WORK REQUIRED »
Scan the entries below. Return every line that includes "also".

WORKING DATA »
lemma inner_lap_apply_columns:
  "v \<bullet> lap_apply M v = (\<Sum>k\<in>UNIV. (\<chi> i. v $ i $ k) \<bullet> (M *v (\<chi> i. v $ i $ k)))"
  for v :: "real^'p^'n::finite"
proof -
  have "v \<bullet> lap_apply M v = (\<Sum>i\<in>UNIV. \<Sum>k\<in>UNIV. \<Sum>j\<in>UNIV. v $ i $ k * (M $ i $ j * v $ j $ k))"
    by (simp add: inner_nested_vec lap_apply_def inner_sum_right inner_vec_def sum_distrib_left ac_simps)
  also have "\<dots> = (\<Sum>k\<in>UNIV. \<Sum>i\<in>UNIV. \<Sum>j\<in>UNIV. v $ i $ k * (M $ i $ j * v $ j $ k))"
    by (rule sum.swap)
  also have "\<dots> = (\<Sum>k\<in>UNIV. (\<chi> i. v $ i $ k) \<bullet> (M *v (\<chi> i. v $ i $ k)))"
    by (simp add: inner_vec_def matrix_vector_mult_def sum_distrib_left)
  finally show ?thesis .
qed

lemma inner_lap_apply_laplacian_ge:
  fixes v :: "real^'p^'n::finite"
  assumes wb: "weight_balanced a" and nonneg: "\<And>i j. a i j \<ge> 0" and sc: "strongly_connected a"
    and two: "CARD('n) \<ge> 2"
  shows "eta2 (sym_part (laplacian a)) * (norm (deviation v))\<^sup>2 \<le> v \<bullet> lap_apply (laplacian a) v"
proof -
  define w where "w = deviation v"
  have "deviation (lap_apply (laplacian a) w) = lap_apply (laplacian a) w"
    by (rule deviation_eq_self[OF sum_lap_apply_laplacian[OF wb]])
  then have "v \<bullet> lap_apply (laplacian a) v = w \<bullet> lap_apply (laplacian a) w"
    by (metis w_def lap_apply_laplacian_deviation deviation.self_adjoint)
  also have "\<dots> = (\<Sum>k\<in>UNIV. (\<chi> i. w $ i $ k) \<bullet> (laplacian a *v (\<chi> i. w $ i $ k)))"
    by (rule inner_lap_apply_columns)
  also have "\<dots> \<ge> (\<Sum>k\<in>UNIV. eta2 (sym_part (laplacian a)) * (norm (\<chi> i. w $ i $ k))\<^sup>2)"
  proof (intro sum_mono eta2_sym_part_laplacian(2)[OF wb nonneg sc two])
    fix k
    have "(\<Sum>i\<in>UNIV. w $ i) $ k = 0" by (simp add: w_def sum_deviation)
    then show "(\<Sum>i\<in>UNIV. (\<chi> i. w $ i $ k) $ i) = 0" by simp
  qed
  finally show ?thesis by (simp add: w_def power2_norm_columns[of "deviation v"] sum_distrib_left)
qed

lemma scaled_lap_apply_laplacian_bounds:
  fixes a :: "'n::finite \<Rightarrow> 'n \<Rightarrow> real"
  assumes wb: "weight_balanced a" and nonneg: "\<And>i j. a i j \<ge> 0" and sc: "strongly_connected a"
    and \<rho>: "0 < \<rho>" and gain: "CARD('n) \<ge> 2 \<Longrightarrow> \<rho> \<le> \<beta> * eta2 (sym_part (laplacian a))"
  obtains K where "0 \<le> K"
    "\<And>v :: real^'p^'n. \<rho> * (norm (deviation v))\<^sup>2 \<le> v \<bullet> (\<beta> *\<^sub>R lap_apply (laplacian a) v)"
    "\<And>v :: real^'p^'n. norm (\<beta> *\<^sub>R lap_apply (laplacian a) v) \<le> K * norm (deviation v)"
proof -
  have "bounded_linear (lap_apply (laplacian a) :: real^'p^'n \<Rightarrow> _)"
    using linear_lap_apply linear_conv_bounded_linear by blast
  from bounded_linear.pos_bounded[OF bounded_linear_compose[OF bounded_linear_scaleR_right this, of \<beta>]]
  obtain K where K: "K > 0" "\<And>v :: real^'p^'n. norm (\<beta> *\<^sub>R lap_apply (laplacian a) v) \<le> norm v * K"
    by blast
  show ?thesis
  proof (rule that[of K])
    show "0 \<le> K" using K by simp
    fix v :: "real^'p^'n"
    have "norm (\<beta> *\<^sub>R lap_apply (laplacian a) v) = norm (\<beta> *\<^sub>R lap_apply (laplacian a) (deviation v))"
      by (simp only: lap_apply_laplacian_deviation)
    also have "\<dots> \<le> norm (deviation v) * K" by (rule K(2))
    finally show "norm (\<beta> *\<^sub>R lap_apply (laplacian a) v) \<le> K * norm (deviation v)"
      by (simp only: mult.commute)
    show "\<rho> * (norm (deviation v))\<^sup>2 \<le> v \<bullet> (\<beta> *\<^sub>R lap_apply (laplacian a) v)"
    proof (cases "CARD('n) \<ge> 2")
      case True
      have \<eta>: "0 < eta2 (sym_part (laplacian a))" by (rule eta2_sym_part_laplacian(1)[OF wb nonneg sc True])
      have "0 < \<beta> * eta2 (sym_part (laplacian a))" using gain[OF True] \<rho> by linarith
      then have "0 \<le> \<beta>" using zero_less_mult_pos2[OF _ \<eta>] less_imp_le by blast
      have "\<rho> * (norm (deviation v))\<^sup>2 \<le> \<beta> * eta2 (sym_part (laplacian a)) * (norm (deviation v))\<^sup>2"
        by (rule mult_right_mono[OF gain[OF True] zero_le_power2])
      also have "\<dots> = \<beta> * (eta2 (sym_part (laplacian a)) * (norm (deviation v))\<^sup>2)"
        by (rule mult.assoc)
      also have "\<dots> \<le> \<beta> * (v \<bullet> lap_apply (laplacian a) v)"
        by (rule mult_left_mono[OF inner_lap_apply_laplacian_ge[OF wb nonneg sc True] \<open>0 \<le> \<beta>\<close>])
      finally show ?thesis by simp
    next
      case False
      \<comment> \<open>a single agent: the Laplacian term vanishes and nothing is required of \<beta>\<close>
      then have "deviation v = 0" by (intro deviation_eq_0_if_card_lt_2) simp
      moreover have "lap_apply (laplacian a) v = lap_apply (laplacian a) (deviation v)"
        by (rule lap_apply_laplacian_deviation[symmetric])
      ultimately show ?thesis by (simp add: linear_0[OF linear_lap_apply])
    qed
  qed
qed

lemma sum_nth_const_if_derivative_sum_0:
  fixes z :: "real \<Rightarrow> 'a::real_normed_vector^'n::finite"
  assumes deriv: "\<And>t. t \<ge> 0 \<Longrightarrow> (z has_vector_derivative z' t) (at t within {0..})"
    and sum0: "\<And>t. t \<ge> 0 \<Longrightarrow> (\<Sum>i\<in>UNIV. z' t $ i) = 0" and t: "t \<ge> 0"
  shows "(\<Sum>i\<in>UNIV. z t $ i) = (\<Sum>i\<in>UNIV. z 0 $ i)"
proof -
  have "((\<lambda>t. \<Sum>i\<in>UNIV. z t $ i) has_derivative (\<lambda>h. 0)) (at s within {0..})" if "s \<in> {0..}" for s
  proof -
    have "((\<lambda>t. \<Sum>i\<in>UNIV. z t $ i) has_vector_derivative (\<Sum>i\<in>UNIV. z' s $ i)) (at s within {0..})"
      using that by (intro has_vector_derivative_sum
          bounded_linear.has_vector_derivative[OF bounded_linear_vec_nth] deriv) auto
    then show ?thesis using sum0 that by (simp add: has_vector_derivative_def)
  qed
  then obtain c where "\<forall>s\<in>{0::real..}. (\<Sum>i\<in>UNIV. z s $ i) = c"
    using has_derivative_zero_constant[OF convex_real_interval(1)] by blast
  then show ?thesis using t by simp
qed

lemma stacked_gradient_strongly_monotone:
  fixes f :: "'n::finite \<Rightarrow> real^'p \<Rightarrow> real" and u v :: "real^'p^'n"
  assumes grad: "\<And>i u. (f i has_derivative (\<lambda>h. gf i u \<bullet> h)) (at u)"
    and convex: "\<And>i. strongly_convex_on (mu_i i) UNIV (f i)" and \<mu>: "\<And>i. \<mu> \<le> mu_i i"
  shows "\<mu> * (norm (u - v))\<^sup>2 \<le> (u - v) \<bullet> (\<chi> i. gf i (u $ i) - gf i (v $ i))"
proof -
  have "\<mu> * (norm (u $ i - v $ i))\<^sup>2 \<le> (u $ i - v $ i) \<bullet> (gf i (u $ i) - gf i (v $ i))" for i
    using mult_right_mono[OF \<mu>[of i] zero_le_power2[of "norm (u $ i - v $ i)"]]
      strongly_convex_on_gradient_monotone[OF grad convex, of i "u $ i" "v $ i"]
    by (simp add: inner_commute)
  then have "(\<Sum>i\<in>UNIV. \<mu> * (norm (u $ i - v $ i))\<^sup>2)
      \<le> (\<Sum>i\<in>UNIV. (u $ i - v $ i) \<bullet> (gf i (u $ i) - gf i (v $ i)))"
    by (rule sum_mono)
  then show ?thesis
    by (simp add: power2_norm_nested_vec inner_nested_vec sum_distrib_left)
qed

lemma stacked_gradient_lipschitz:
  fixes gf :: "'n::finite \<Rightarrow> real^'p \<Rightarrow> real^'p" and u v :: "real^'p^'n"
  assumes lip: "\<And>i u v. norm (gf i u - gf i v) \<le> l_i i * norm (u - v)"
    and l: "\<And>i. l_i i \<le> l" "0 \<le> l"
  shows "norm (\<chi> i. gf i (u $ i) - gf i (v $ i)) \<le> l * norm (u - v)"
proof -
  have "norm (gf i (u $ i) - gf i (v $ i)) \<le> l * norm (u $ i - v $ i)" for i
    using lip[of i "u $ i" "v $ i"] mult_right_mono[OF l(1)[of i] norm_ge_zero[of "u $ i - v $ i"]]
    by linarith
  then have "(norm (gf i (u $ i) - gf i (v $ i)))\<^sup>2 \<le> (l * norm (u $ i - v $ i))\<^sup>2" for i
    by (intro power_mono) simp_all
  then have "(\<Sum>i\<in>UNIV. (norm (gf i (u $ i) - gf i (v $ i)))\<^sup>2) \<le> (\<Sum>i\<in>UNIV. (l * norm (u $ i - v $ i))\<^sup>2)"
    by (rule sum_mono)
  then have "(norm (\<chi> i. gf i (u $ i) - gf i (v $ i)))\<^sup>2 \<le> (l * norm (u - v))\<^sup>2"
    by (simp add: power2_norm_nested_vec power_mult_distrib sum_distrib_left)
  then show ?thesis by (rule power2_le_imp_le) (use l(2) in simp)
qed

section \<open>Exponential convergence of IDEA\<close>

lemma four_alpha_mu_gt_1:
  fixes \<phi> \<alpha> \<mu> l :: real
  assumes \<phi>: "\<phi> > 0" and \<mu>: "\<mu> > 0"
    and alpha: "\<alpha> \<ge> max (1/2) (((\<phi>\<^sup>2 + 3*\<phi> + 3) + l\<^sup>2 + 3/2 - \<mu>) / ((\<phi> + 1) * \<mu>))"
  shows "0 < \<alpha>" and "1 < 4 * \<alpha> * \<mu>"
proof -
  show "0 < \<alpha>" using alpha by simp
  show "1 < 4 * \<alpha> * \<mu>"
  proof (rule ccontr)
    assume "\<not> 1 < 4 * \<alpha> * \<mu>"
    then have small: "\<alpha> * \<mu> \<le> 1/4" by simp
    \<comment> \<open>\<alpha> \<ge> 1/2 then forces \<mu> \<le> 1/2, which makes the numerator of the bound on \<alpha> large\<close>
    have "1/2 \<le> \<alpha>" using alpha by simp
    then have "1/2 * \<mu> \<le> \<alpha> * \<mu>" using \<mu> by (intro mult_right_mono) simp_all
    then have "\<mu> \<le> 1/2" using small by linarith
    have "(\<phi>\<^sup>2 + 3*\<phi> + 3) + l\<^sup>2 + 3/2 - \<mu> \<le> \<alpha> * ((\<phi> + 1) * \<mu>)"
      using alpha \<phi> \<mu> by (simp add: pos_divide_le_eq)
    also have "\<dots> = (\<alpha> * \<mu>) * (\<phi> + 1)" by simp
    also have "\<dots> \<le> 1/4 * (\<phi> + 1)" using small \<phi> by (intro mult_right_mono) simp_all
    also have "\<dots> = \<phi> / 4 + 1 / 4" by simp
    finally show False using \<open>\<mu> \<le> 1/2\<close> \<phi> zero_le_power2[of l] zero_le_power2[of \<phi>] by linarith
  qed
qed

lemma four_alpha_le_beta_eta:
  fixes \<phi> \<alpha> \<beta> \<eta> :: real
  assumes \<phi>: "\<phi> > 0" and \<alpha>: "\<alpha> > 0" and \<eta>: "\<eta> > 0"
    and beta: "\<beta> \<ge> (2 * (\<phi> + 1)\<^sup>2 * \<alpha>\<^sup>2 + 1) / (2 * \<phi> * \<alpha> * \<eta>)"
  shows "4 * \<alpha> \<le> \<beta> * \<eta>"
proof -
  have "2 * (\<phi> + 1)\<^sup>2 * \<alpha>\<^sup>2 - 8 * \<phi> * \<alpha>\<^sup>2 = 2 * \<alpha>\<^sup>2 * (\<phi> - 1)\<^sup>2"
    by (simp add: power2_eq_square algebra_simps)
  moreover have "0 \<le> 2 * \<alpha>\<^sup>2 * (\<phi> - 1)\<^sup>2" by simp
  ultimately have "8 * \<phi> * \<alpha>\<^sup>2 \<le> 2 * (\<phi> + 1)\<^sup>2 * \<alpha>\<^sup>2 + 1" by linarith
  also have "\<dots> \<le> \<beta> * (2 * \<phi> * \<alpha> * \<eta>)" using beta \<phi> \<alpha> \<eta> by (simp add: pos_divide_le_eq)
  finally have "(4 * \<alpha>) * (2 * \<phi> * \<alpha>) \<le> (\<beta> * \<eta>) * (2 * \<phi> * \<alpha>)"
    by (simp add: power2_eq_square ac_simps)
  then show ?thesis using \<phi> \<alpha> by simp
qed

lemma idea_error_dynamics:
  fixes x lam z :: "real \<Rightarrow> real^'p^'n::finite" and xs bb :: "real^'p^'n"
  assumes opt_grad: "\<And>i. gf i (xs $ i) = \<nu>"
    and dx: "(x has_vector_derivative
        (\<chi> i. - \<alpha> *\<^sub>R (gf i (x t $ i) + lam t $ i) - (x t $ i - bb $ i - z t $ i))) (at t within S)"
    and dlam: "(lam has_vector_derivative
        (x t - bb - z t - \<beta> *\<^sub>R lap_apply (laplacian a) (lam t))) (at t within S)"
    and dz: "(z has_vector_derivative ((\<alpha> * \<beta>) *\<^sub>R lap_apply (laplacian a) (lam t))) (at t within S)"
  defines "ls \<equiv> \<chi> i. - \<nu>"
  shows "((\<lambda>t. x t - xs) has_vector_derivative - \<alpha> *\<^sub>R (\<chi> i. gf i (x t $ i) - gf i (xs $ i))
      - \<alpha> *\<^sub>R (lam t - ls) - ((x t - xs) - (z t - (xs - bb)))) (at t within S)"
    and "((\<lambda>t. lam t - ls) has_vector_derivative
      ((x t - xs) - (z t - (xs - bb))) - \<beta> *\<^sub>R lap_apply (laplacian a) (lam t - ls)) (at t within S)"
    and "((\<lambda>t. z t - (xs - bb)) has_vector_derivative
      \<alpha> *\<^sub>R (\<beta> *\<^sub>R lap_apply (laplacian a) (lam t - ls))) (at t within S)"
proof -
  have lap: "lap_apply (laplacian a) (lam t - ls) = lap_apply (laplacian a) (lam t)"
    using linear_diff[OF linear_lap_apply, of "laplacian a" "lam t" ls]
    by (simp add: ls_def lap_apply_laplacian_const)
  show "((\<lambda>t. x t - xs) has_vector_derivative - \<alpha> *\<^sub>R (\<chi> i. gf i (x t $ i) - gf i (xs $ i))
      - \<alpha> *\<^sub>R (lam t - ls) - ((x t - xs) - (z t - (xs - bb)))) (at t within S)"
  proof -
    have "(\<chi> i. - \<alpha> *\<^sub>R (gf i (x t $ i) + lam t $ i) - (x t $ i - bb $ i - z t $ i))
        = - \<alpha> *\<^sub>R (\<chi> i. gf i (x t $ i) - gf i (xs $ i)) - \<alpha> *\<^sub>R (lam t - ls)
          - ((x t - xs) - (z t - (xs - bb)))"
      by (simp add: vec_eq_iff opt_grad ls_def algebra_simps)
    then show ?thesis using has_vector_derivative_diff[OF dx has_vector_derivative_const[of xs]] by simp
  qed
  show "((\<lambda>t. lam t - ls) has_vector_derivative
      ((x t - xs) - (z t - (xs - bb))) - \<beta> *\<^sub>R lap_apply (laplacian a) (lam t - ls)) (at t within S)"
    using has_vector_derivative_diff[OF dlam has_vector_derivative_const[of ls]]
    by (simp add: lap algebra_simps)
  show "((\<lambda>t. z t - (xs - bb)) has_vector_derivative
      \<alpha> *\<^sub>R (\<beta> *\<^sub>R lap_apply (laplacian a) (lam t - ls))) (at t within S)"
    using has_vector_derivative_diff[OF dz has_vector_derivative_const[of "xs - bb"]] by (simp add: lap)
qed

SOLUTION TO THIS EXERCISE »
  also have "\<dots> = (\<Sum>k\<in>UNIV. \<Sum>i\<in>UNIV. \<Sum>j\<in>UNIV. v $ i $ k * (M $ i $ j * v $ j $ k))"
  also have "\<dots> = (\<Sum>k\<in>UNIV. (\<chi> i. v $ i $ k) \<bullet> (M *v (\<chi> i. v $ i $ k)))"
  also have "\<dots> = (\<Sum>k\<in>UNIV. (\<chi> i. w $ i $ k) \<bullet> (laplacian a *v (\<chi> i. w $ i $ k)))"
  also have "\<dots> \<ge> (\<Sum>k\<in>UNIV. eta2 (sym_part (laplacian a)) * (norm (\<chi> i. w $ i $ k))\<^sup>2)"
    also have "\<dots> \<le> norm (deviation v) * K" by (rule K(2))
      also have "\<dots> = \<beta> * (eta2 (sym_part (laplacian a)) * (norm (deviation v))\<^sup>2)"
      also have "\<dots> \<le> \<beta> * (v \<bullet> lap_apply (laplacian a) v)"
    also have "\<dots> = (\<alpha> * \<mu>) * (\<phi> + 1)" by simp
    also have "\<dots> \<le> 1/4 * (\<phi> + 1)" using small \<phi> by (intro mult_right_mono) simp_all
    also have "\<dots> = \<phi> / 4 + 1 / 4" by simp
  also have "\<dots> \<le> \<beta> * (2 * \<phi> * \<alpha> * \<eta>)" using beta \<phi> \<alpha> \<eta> by (simp add: pos_divide_le_eq)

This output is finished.